══ MATERIAL FOR THE TASK

(* Let $X_1,\ldots,X_n$ be i.i.d. from $P$ on $\mathbb{R}^d$ satisfying (A1), (A2), (A3) and (A4') (see context). For a fixed point $x$, let $\delta(x)=\min\{\|X_i-x\|: p(X_i)>p(x)\}$ (with $\delta(x)=L$, a fixed positive constant, if no such $X_i$ exists). If $x$ is not a mode of $p$, then $n\,\delta^d(x)$ converges in distribution to an exponential random variable with rate parameter $p(x)\,\tau\,v_d$, where $v_d$ is the volume of the unit ball in $\mathbb{R}^d$. If $x$ is a mode, then $n\,\delta^d(x)\to\infty$.
   Context: (A1) $P$ is supported on a compact set $\mathcal{C}$ with bounded continuous density $p$, $\inf_{x\in\mathcal{C}}p(x)\ge a>0$. (A2) $p$ has bounded continuous first, second and third derivatives. (A3) $p$ is Morse (Hessian nondegenerate at every critical point) with finitely many critical points. A mode is a strict local maximum of $p$; $\mathcal{M}$ is the set of modes. (A4') With $L_x=\{y:p(y)>p(x)\}$ and $\mu$ Lebesgue measure: there exists $\tau\in(0,1)$ such that for every $x\notin\mathcal{M}$, $\lim_{t\to0}\mu(L_x\cap B(x,t))/\mu(B(x,t))=\tau$. *)

theory Defs
  imports "HOL-Probability.Probability"
begin

definition is_mode :: "('a::metric_space \<Rightarrow> real) \<Rightarrow> 'a \<Rightarrow> bool" where
  "is_mode p x \<longleftrightarrow> (\<exists>e>0. \<forall>y. y \<noteq> x \<and> dist y x < e \<longrightarrow> p y < p x)"

text \<open>delta(x) for the sample X_0, ..., X_(n-1) (indices shifted by one);
  equals L if no sample point has higher density than x.\<close>
definition nn_higher_dist ::
  "('a::real_normed_vector \<Rightarrow> real) \<Rightarrow> real \<Rightarrow> 'a \<Rightarrow> (nat \<Rightarrow> 'b \<Rightarrow> 'a) \<Rightarrow> nat \<Rightarrow> 'b \<Rightarrow> real" where
  "nn_higher_dist p L x X n \<omega> =
     (if \<exists>i<n. p (X i \<omega>) > p x
      then Min {norm (X i \<omega> - x) | i. i < n \<and> p (X i \<omega>) > p x}
      else L)"

end

theory Submission
  imports Defs
begin

(* Write H = {z. p x < p z}. For r < L, nn_higher_dist is at most r exactly when one of the
   first n samples falls into H \<inter> cball x r, so by independence
   P(n \<delta>^d \<le> s) = 1 - (1 - q\<^sub>n)^n, where q\<^sub>n is the P-mass of H \<inter> cball x (s/n)^(1/d).
   Continuity of p at x and (A4') give n q\<^sub>n \<rightarrow> p(x) \<tau> v\<^sub>d s, hence the exponential CDF
   1 - exp (- p(x) \<tau> v\<^sub>d s) in the limit. At a mode, H misses a punctured neighbourhood of x,
   so \<delta> is bounded below and n \<delta>^d \<rightarrow> \<infinity>. *)

lemma tendsto_one_minus_power_exp:
  fixes q :: "nat \<Rightarrow> real"
  assumes lim: "(\<lambda>n. real n * q n) \<longlonglongrightarrow> t"
  shows "(\<lambda>n. (1 - q n) ^ n) \<longlonglongrightarrow> exp (- t)"
proof -
  have "(\<lambda>n. (real n * q n) * inverse (real n)) \<longlonglongrightarrow> t * 0"
    by (intro tendsto_mult lim tendsto_inverse_0_at_top filterlim_real_sequentially)
  moreover have "eventually (\<lambda>n. (real n * q n) * inverse (real n) = q n) sequentially"
    using eventually_gt_at_top[of "0::nat"] by eventually_elim auto
  ultimately have q0: "q \<longlonglongrightarrow> 0"
    by (simp add: tendsto_cong)
  then have small: "eventually (\<lambda>n. \<bar>q n\<bar> \<le> 1/2) sequentially"
    by (rule order_tendstoD(2)[OF tendsto_rabs_zero, of _ _ "1/2", THEN eventually_mono]) auto
  \<comment> \<open>\<open>(1 - q n) ^ n = exp (n ln (1 - q n))\<close>, and \<open>n ln (1 - q n) + n q n = O(n q n\<^sup>2) \<rightarrow> 0\<close>\<close>
  define e where "e n = real n * (ln (1 - q n) + q n)" for n
  have "e \<longlonglongrightarrow> 0"
  proof (rule Lim_null_comparison)
    show "eventually (\<lambda>n. norm (e n) \<le> 2 * \<bar>real n * q n\<bar> * \<bar>q n\<bar>) sequentially"
      using small
    proof eventually_elim
      case (elim n)
      have "\<bar>ln (1 + - q n) - - q n\<bar> \<le> 2 * (- q n)\<^sup>2"
        by (rule abs_ln_one_plus_x_minus_x_bound) (use elim in auto)
      then have "real n * \<bar>ln (1 - q n) + q n\<bar> \<le> real n * (2 * (q n)\<^sup>2)"
        by (intro mult_left_mono) auto
      moreover have "real n * (2 * (q n)\<^sup>2) = 2 * \<bar>real n * q n\<bar> * \<bar>q n\<bar>"
        by (simp add: abs_mult power2_eq_square)
      ultimately show ?case
        by (simp add: e_def abs_mult)
    qed
    show "(\<lambda>n. 2 * \<bar>real n * q n\<bar> * \<bar>q n\<bar>) \<longlonglongrightarrow> 0"
      using tendsto_mult[OF tendsto_mult[OF tendsto_const[of 2] tendsto_rabs[OF lim]] tendsto_rabs_zero[OF q0]]
      by simp
  qed
  then have "(\<lambda>n. exp (e n - real n * q n)) \<longlonglongrightarrow> exp (0 - t)"
    by (intro tendsto_intros lim)
  moreover have "eventually (\<lambda>n. exp (e n - real n * q n) = (1 - q n) ^ n) sequentially"
    using small
  proof eventually_elim
    case (elim n)
    then have "0 < 1 - q n"
      by auto
    have "exp (e n - real n * q n) = exp (ln (1 - q n)) ^ n"
      by (simp add: e_def algebra_simps flip: exp_of_nat_mult)
    also have "\<dots> = (1 - q n) ^ n"
      using \<open>0 < 1 - q n\<close> by simp
    finally show ?case .
  qed
  ultimately show ?thesis
    by (simp add: tendsto_cong)
qed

════

### ASSIGNMENT
Determine how many lines of the records above contain the word "close", and report only that number.

### OUTPUT OF THE TASK
3